Start of DATA TO PROCESS

(* Let $d\ge1$, let $n$ be a positive integer, and let $X\subseteq\mathbb{R}^d$ be a bounded set contained in a unimodular copy of $n\cdot\Delta_d$. Then $\mathrm{Flt}_d(X)\le 2nd\cdot\mathrm{Flt}(d)$ and $\mathrm{Flt}^{\mathbb{R}}_d(X)\le nd\cdot\mathrm{Flt}(d)$.
   Context: Convex body: non-empty compact convex subset of $\mathbb{R}^d$; $\mathrm{width}(K)=\min_{u\in(\mathbb{Z}^d)^*\setminus\{0\}}\max_{x,y\in K}|u(x)-u(y)|$; $\mathrm{Flt}(d)=\sup\{\mathrm{width}(K): K \text{ convex body}, K\cap\mathbb{Z}^d=\emptyset\}$. A unimodular (resp. $\mathbb{R}$-unimodular) copy of $Y\subseteq\mathbb{R}^d$ is $\{Ay+b:y\in Y\}$ with $A\in\mathrm{GL}(d,\mathbb{Z})$ and $b\in\mathbb{Z}^d$ (resp. $b\in\mathbb{R}^d$). $\Delta_d=\mathrm{conv}(0,e_1,\dots,e_d)$. For bounded $X\subseteq\mathbb{R}^d$: $\mathrm{Flt}_d(X)=\sup\{\mathrm{width}(K): K\text{ convex body not containing a unimodular copy of }X\}$ and $\mathrm{Flt}^{\mathbb{R}}_d(X)=\sup\{\mathrm{width}(K): K\text{ convex body not containing an }\mathbb{R}\text{-unimodular copy of }X\}$. *)

theory Defs
  imports "HOL-Analysis.Analysis"
begin

definition int_vec :: "real^'n \<Rightarrow> bool" where
  "int_vec x \<longleftrightarrow> (\<forall>i. x $ i \<in> \<int>)"

definition unimodular_matrix :: "real^'n^'n \<Rightarrow> bool" where
  "unimodular_matrix A \<longleftrightarrow> (\<forall>i j. A $ i $ j \<in> \<int>) \<and> (det A = 1 \<or> det A = -1)"

definition convex_body :: "(real^'n) set \<Rightarrow> bool" where
  "convex_body K \<longleftrightarrow> K \<noteq> {} \<and> compact K \<and> convex K"

text \<open>Lattice width: dual lattice vectors are identified with integer vectors u,
  acting by the inner product.\<close>
definition lattice_width :: "(real^'n) set \<Rightarrow> real" where
  "lattice_width K = Inf {Sup {\<bar>u \<bullet> x - u \<bullet> y\<bar> | x y. x \<in> K \<and> y \<in> K} | u. int_vec u \<and> u \<noteq> 0}"

definition unimodular_copy :: "(real^'n) set \<Rightarrow> (real^'n) set \<Rightarrow> bool" where
  "unimodular_copy Y Z \<longleftrightarrow> (\<exists>A b. unimodular_matrix A \<and> int_vec b \<and> Z = (\<lambda>y. A *v y + b) ` Y)"

definition R_unimodular_copy :: "(real^'n) set \<Rightarrow> (real^'n) set \<Rightarrow> bool" where
  "R_unimodular_copy Y Z \<longleftrightarrow> (\<exists>A b. unimodular_matrix A \<and> Z = (\<lambda>y. A *v y + b) ` Y)"

definition std_simplex :: "(real^'n) set" where
  "std_simplex = convex hull (insert 0 {axis i 1 | i. True})"

definition Flt :: "'n::finite itself \<Rightarrow> ereal" where
  "Flt _ = Sup {ereal (lattice_width K) | K :: (real^'n) set.
                 convex_body K \<and> (\<forall>x\<in>K. \<not> int_vec x)}"

definition Flt_X :: "(real^'n) set \<Rightarrow> ereal" where
  "Flt_X X = Sup {ereal (lattice_width K) | K. convex_body K \<and>
                 \<not> (\<exists>Z. unimodular_copy X Z \<and> Z \<subseteq> K)}"

definition FltR_X :: "(real^'n) set \<Rightarrow> ereal" where
  "FltR_X X = Sup {ereal (lattice_width K) | K. convex_body K \<and>
                 \<not> (\<exists>Z. R_unimodular_copy X Z \<and> Z \<subseteq> K)}"

end

theory Submission
  imports Defs
begin

text \<open>If a convex body K has lattice width larger than \<open>d \<cdot> Flt(d)\<close>, it contains a point p and a
  basis \<open>w\<^sub>1, \<dots>, w\<^sub>d\<close> of \<open>\<int>\<^sup>d\<close> with all \<open>p + w\<^sub>i \<in> K\<close>, i.e. a unimodular image \<open>p + A\<Delta>\<^sub>d\<close> of the
  standard simplex. The basis is found one vector at a time: write \<open>K = \<alpha>K + (1 - \<alpha>)K\<close> with \<open>\<alpha>K\<close>
  just wider than \<open>Flt(d)\<close> in the lattice directions orthogonal to the vectors found so far.
  Flatness applied to cylinders over \<open>\<alpha>K\<close> along their span yields a lattice chord of \<open>\<alpha>K\<close> modulo
  that span, which can be made primitive; the remaining body \<open>(1 - \<alpha>)K\<close> keeps enough width for
  the other directions. Scaling gives \<open>p + A(n\<Delta>\<^sub>d)\<close> inside every body of width larger than
  \<open>nd \<cdot> Flt(d)\<close>, hence an \<open>\<real>\<close>-unimodular copy of any X contained in a unimodular copy of
  \<open>n\<Delta>\<^sub>d\<close>. An integral translation costs a factor 2.\<close>

section \<open>Lattice vectors and integer spans\<close>

lemma int_vec_add: "int_vec x \<Longrightarrow> int_vec y \<Longrightarrow> int_vec (x + y)"
  by (simp add: int_vec_def)

lemma int_vec_diff: "int_vec x \<Longrightarrow> int_vec y \<Longrightarrow> int_vec (x - y)"
  by (simp add: int_vec_def)

lemma int_vec_0 [simp]: "int_vec 0"
  by (simp add: int_vec_def)

lemma int_vec_scaleR: "c \<in> \<int> \<Longrightarrow> int_vec x \<Longrightarrow> int_vec (c *\<^sub>R x)"
  by (simp add: int_vec_def)

lemma int_vec_axis [simp]: "int_vec (axis i 1)"
  by (simp add: int_vec_def axis_def)

lemma inner_int_vec_Ints: "int_vec x \<Longrightarrow> int_vec y \<Longrightarrow> x \<bullet> y \<in> \<int>"
  unfolding inner_vec_def int_vec_def by (intro Ints_sum) (simp add: Ints_mult)

lemma not_int_vec_half: "\<not> int_vec (\<chi> i. 1/2 :: real^'n)"
proof
  assume "int_vec (\<chi> i. 1/2 :: real^'n)"
  then obtain k where "(1/2::real) = of_int k"
    by (auto simp: int_vec_def elim: Ints_cases)
  then have "2 * k = 1" by linarith
  then show False by presburger
qed

lemma finite_int_vec_norm_le: "finite {q::real^'n. int_vec q \<and> norm q \<le> B}"
proof -
  define S where "S = (of_int ` {-\<lceil>B\<rceil>..\<lceil>B\<rceil>} :: real set)"
  have "{q::real^'n. int_vec q \<and> norm q \<le> B} \<subseteq> vec_lambda ` (Pi\<^sub>E UNIV (\<lambda>_. S))"
  proof
    fix q :: "real^'n" assume q: "q \<in> {q. int_vec q \<and> norm q \<le> B}"
    have "q $ i \<in> S" for i
    proof -
      from q obtain k where k: "q $ i = of_int k" by (auto simp: int_vec_def elim: Ints_cases)
      have "\<bar>q $ i\<bar> \<le> B" using q component_le_norm_cart[of q i] by auto
      then have "\<bar>k\<bar> \<le> \<lceil>B\<rceil>" using k by linarith
      then show ?thesis unfolding S_def using k by (intro image_eqI[of _ _ k]) auto
    qed
    then show "q \<in> vec_lambda ` (Pi\<^sub>E UNIV (\<lambda>_. S))"
      by (intro image_eqI[of _ _ "vec_nth q"]) auto
  qed
  moreover have "finite S" unfolding S_def by simp
  then have "finite (vec_lambda ` (Pi\<^sub>E UNIV (\<lambda>_. S)))"
    by (intro finite_imageI finite_PiE) auto
  ultimately show ?thesis by (rule finite_subset)
qed

inductive_set int_span :: "(real^'n) set \<Rightarrow> (real^'n) set" for B where
  int_span_0: "0 \<in> int_span B"
| int_span_base: "b \<in> B \<Longrightarrow> b \<in> int_span B"
| int_span_diff: "x \<in> int_span B \<Longrightarrow> y \<in> int_span B \<Longrightarrow> x - y \<in> int_span B"

lemma int_span_neg: "x \<in> int_span B \<Longrightarrow> - x \<in> int_span B"
  using int_span_diff[OF int_span_0, of x B] by simp

lemma int_span_add: "x \<in> int_span B \<Longrightarrow> y \<in> int_span B \<Longrightarrow> x + y \<in> int_span B"
  using int_span_diff[OF _ int_span_neg, of x B y] by simp

lemma int_span_scaleR:
  assumes "c \<in> \<int>" and x: "x \<in> int_span B"
  shows "c *\<^sub>R x \<in> int_span B"
proof -
  have nat: "real k *\<^sub>R x \<in> int_span B" for k
    by (induction k) (auto intro: int_span_0 int_span_add x simp: algebra_simps)
  obtain k where "c = of_int k" using assms(1) by (auto elim: Ints_cases)
  then consider "c = real (nat k)" | "c = - real (nat (-k))" by linarith
  then show ?thesis
  proof cases
    case 1
    then show ?thesis using nat[of "nat k"] by simp
  next
    case 2
    then show ?thesis using int_span_neg[OF nat[of "nat (-k)"]] by simp
  qed
qed

lemma int_span_trans: "x \<in> int_span A \<Longrightarrow> A \<subseteq> int_span B \<Longrightarrow> x \<in> int_span B"
  by (induction rule: int_span.induct) (auto intro: int_span_0 int_span_diff)

lemma int_span_mono: "x \<in> int_span A \<Longrightarrow> A \<subseteq> B \<Longrightarrow> x \<in> int_span B"
  by (erule int_span_trans) (auto intro: int_span_base)

lemma int_span_subset_span: "x \<in> int_span A \<Longrightarrow> x \<in> span A"
  by (induction rule: int_span.induct) (auto intro: span_0 span_base span_diff)

lemma int_vec_int_span: "x \<in> int_span A \<Longrightarrow> \<forall>v\<in>A. int_vec v \<Longrightarrow> int_vec x"
  by (induction rule: int_span.induct) (auto intro: int_vec_diff)

lemma int_span_sum:
  "finite S \<Longrightarrow> (\<And>v. v \<in> S \<Longrightarrow> c v \<in> \<int>) \<Longrightarrow> S \<subseteq> A \<Longrightarrow> (\<Sum>v\<in>S. c v *\<^sub>R v) \<in> int_span A"
proof (induction S rule: finite_induct)
  case (insert x F)
  then have "c x *\<^sub>R x \<in> int_span A" by (intro int_span_scaleR int_span_base) auto
  with insert show ?case by (auto intro: int_span_add)
qed (auto intro: int_span_0)

text \<open>Round the coefficients of \<open>q - a\<close> with respect to V down to integers.\<close>
lemma int_span_representative_near:
  assumes V: "finite V" "\<forall>v\<in>V. int_vec v" and q: "int_vec q" and qa: "q - a \<in> span V"
  obtains q' where "int_vec q'" "q - q' \<in> int_span V" "norm (q' - a) \<le> (\<Sum>v\<in>V. norm v)"
proof -
  obtain c where c: "q - a = (\<Sum>v\<in>V. c v *\<^sub>R v)" using qa span_finite[OF V(1)] by auto
  define q' where "q' = q - (\<Sum>v\<in>V. of_int \<lfloor>c v\<rfloor> *\<^sub>R v)"
  have red: "q - q' \<in> int_span V" unfolding q'_def by (auto intro!: int_span_sum V)
  have int: "int_vec q'" using int_vec_int_span[OF red V(2)] q int_vec_diff[of q "q - q'"] by simp
  have "q' - a = (\<Sum>v\<in>V. (c v - of_int \<lfloor>c v\<rfloor>) *\<^sub>R v)"
    unfolding q'_def using c by (simp add: scaleR_diff_left sum_subtractf algebra_simps)
  then have "norm (q' - a) \<le> (\<Sum>v\<in>V. norm ((c v - of_int \<lfloor>c v\<rfloor>) *\<^sub>R v))" by (metis norm_sum)
  also have "\<dots> \<le> (\<Sum>v\<in>V. norm v)"
  proof (rule sum_mono)
    fix v
    have "0 \<le> c v - of_int \<lfloor>c v\<rfloor>" "c v - of_int \<lfloor>c v\<rfloor> \<le> 1" by linarith+
    then show "norm ((c v - of_int \<lfloor>c v\<rfloor>) *\<^sub>R v) \<le> norm v"
      by (simp add: mult_left_le_one_le)
  qed
  finally show ?thesis by (rule that[OF int red])
qed

section \<open>Lattice width\<close>

definition dir_width :: "real^'n \<Rightarrow> (real^'n) set \<Rightarrow> real" where
  "dir_width u K = Sup {\<bar>u \<bullet> x - u \<bullet> y\<bar> | x y. x \<in> K \<and> y \<in> K}"

lemma lattice_width_dir_width: "lattice_width K = Inf {dir_width u K | u. int_vec u \<and> u \<noteq> 0}"
  unfolding lattice_width_def dir_width_def by simp

lemma bdd_above_inner_diffs:
  assumes "bounded K"
  shows "bdd_above {\<bar>u \<bullet> x - u \<bullet> y\<bar> | x y. x \<in> K \<and> y \<in> K}"
proof -
  obtain R where R: "\<And>x. x \<in> K \<Longrightarrow> norm x \<le> R" using assms by (auto simp: bounded_iff)
  have "\<bar>u \<bullet> x - u \<bullet> y\<bar> \<le> norm u * (2*R)" if "x \<in> K" "y \<in> K" for x y
  proof -
    have "\<bar>u \<bullet> x - u \<bullet> y\<bar> \<le> norm u * norm (x - y)"
      using Cauchy_Schwarz_ineq2[of u "x - y"] by (simp add: inner_diff_right)
    moreover have "norm (x - y) \<le> 2*R"
      using R[OF that(1)] R[OF that(2)] norm_triangle_ineq4[of x y] by linarith
    ultimately show ?thesis using mult_left_mono[of "norm (x - y)" "2*R" "norm u"] by simp
  qed
  then show ?thesis by (auto simp: bdd_above_def)
qed

lemma dir_width_ge: "bounded K \<Longrightarrow> x \<in> K \<Longrightarrow> y \<in> K \<Longrightarrow> \<bar>u \<bullet> x - u \<bullet> y\<bar> \<le> dir_width u K"
  unfolding dir_width_def by (rule cSup_upper[OF _ bdd_above_inner_diffs]) auto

End of DATA TO PROCESS

* [PROBLEM TO WORK ON]: From the opening line of the data above through the line that contains "acting by the inner product.\<close>", please print each line as it stands and only those lines.

* [TASK ANSWER]:
(* Let $d\ge1$, let $n$ be a positive integer, and let $X\subseteq\mathbb{R}^d$ be a bounded set contained in a unimodular copy of $n\cdot\Delta_d$. Then $\mathrm{Flt}_d(X)\le 2nd\cdot\mathrm{Flt}(d)$ and $\mathrm{Flt}^{\mathbb{R}}_d(X)\le nd\cdot\mathrm{Flt}(d)$.
   Context: Convex body: non-empty compact convex subset of $\mathbb{R}^d$; $\mathrm{width}(K)=\min_{u\in(\mathbb{Z}^d)^*\setminus\{0\}}\max_{x,y\in K}|u(x)-u(y)|$; $\mathrm{Flt}(d)=\sup\{\mathrm{width}(K): K \text{ convex body}, K\cap\mathbb{Z}^d=\emptyset\}$. A unimodular (resp. $\mathbb{R}$-unimodular) copy of $Y\subseteq\mathbb{R}^d$ is $\{Ay+b:y\in Y\}$ with $A\in\mathrm{GL}(d,\mathbb{Z})$ and $b\in\mathbb{Z}^d$ (resp. $b\in\mathbb{R}^d$). $\Delta_d=\mathrm{conv}(0,e_1,\dots,e_d)$. For bounded $X\subseteq\mathbb{R}^d$: $\mathrm{Flt}_d(X)=\sup\{\mathrm{width}(K): K\text{ convex body not containing a unimodular copy of }X\}$ and $\mathrm{Flt}^{\mathbb{R}}_d(X)=\sup\{\mathrm{width}(K): K\text{ convex body not containing an }\mathbb{R}\text{-unimodular copy of }X\}$. *)

theory Defs
  imports "HOL-Analysis.Analysis"
begin

definition int_vec :: "real^'n \<Rightarrow> bool" where
  "int_vec x \<longleftrightarrow> (\<forall>i. x $ i \<in> \<int>)"

definition unimodular_matrix :: "real^'n^'n \<Rightarrow> bool" where
  "unimodular_matrix A \<longleftrightarrow> (\<forall>i j. A $ i $ j \<in> \<int>) \<and> (det A = 1 \<or> det A = -1)"

definition convex_body :: "(real^'n) set \<Rightarrow> bool" where
  "convex_body K \<longleftrightarrow> K \<noteq> {} \<and> compact K \<and> convex K"

text \<open>Lattice width: dual lattice vectors are identified with integer vectors u,
  acting by the inner product.\<close>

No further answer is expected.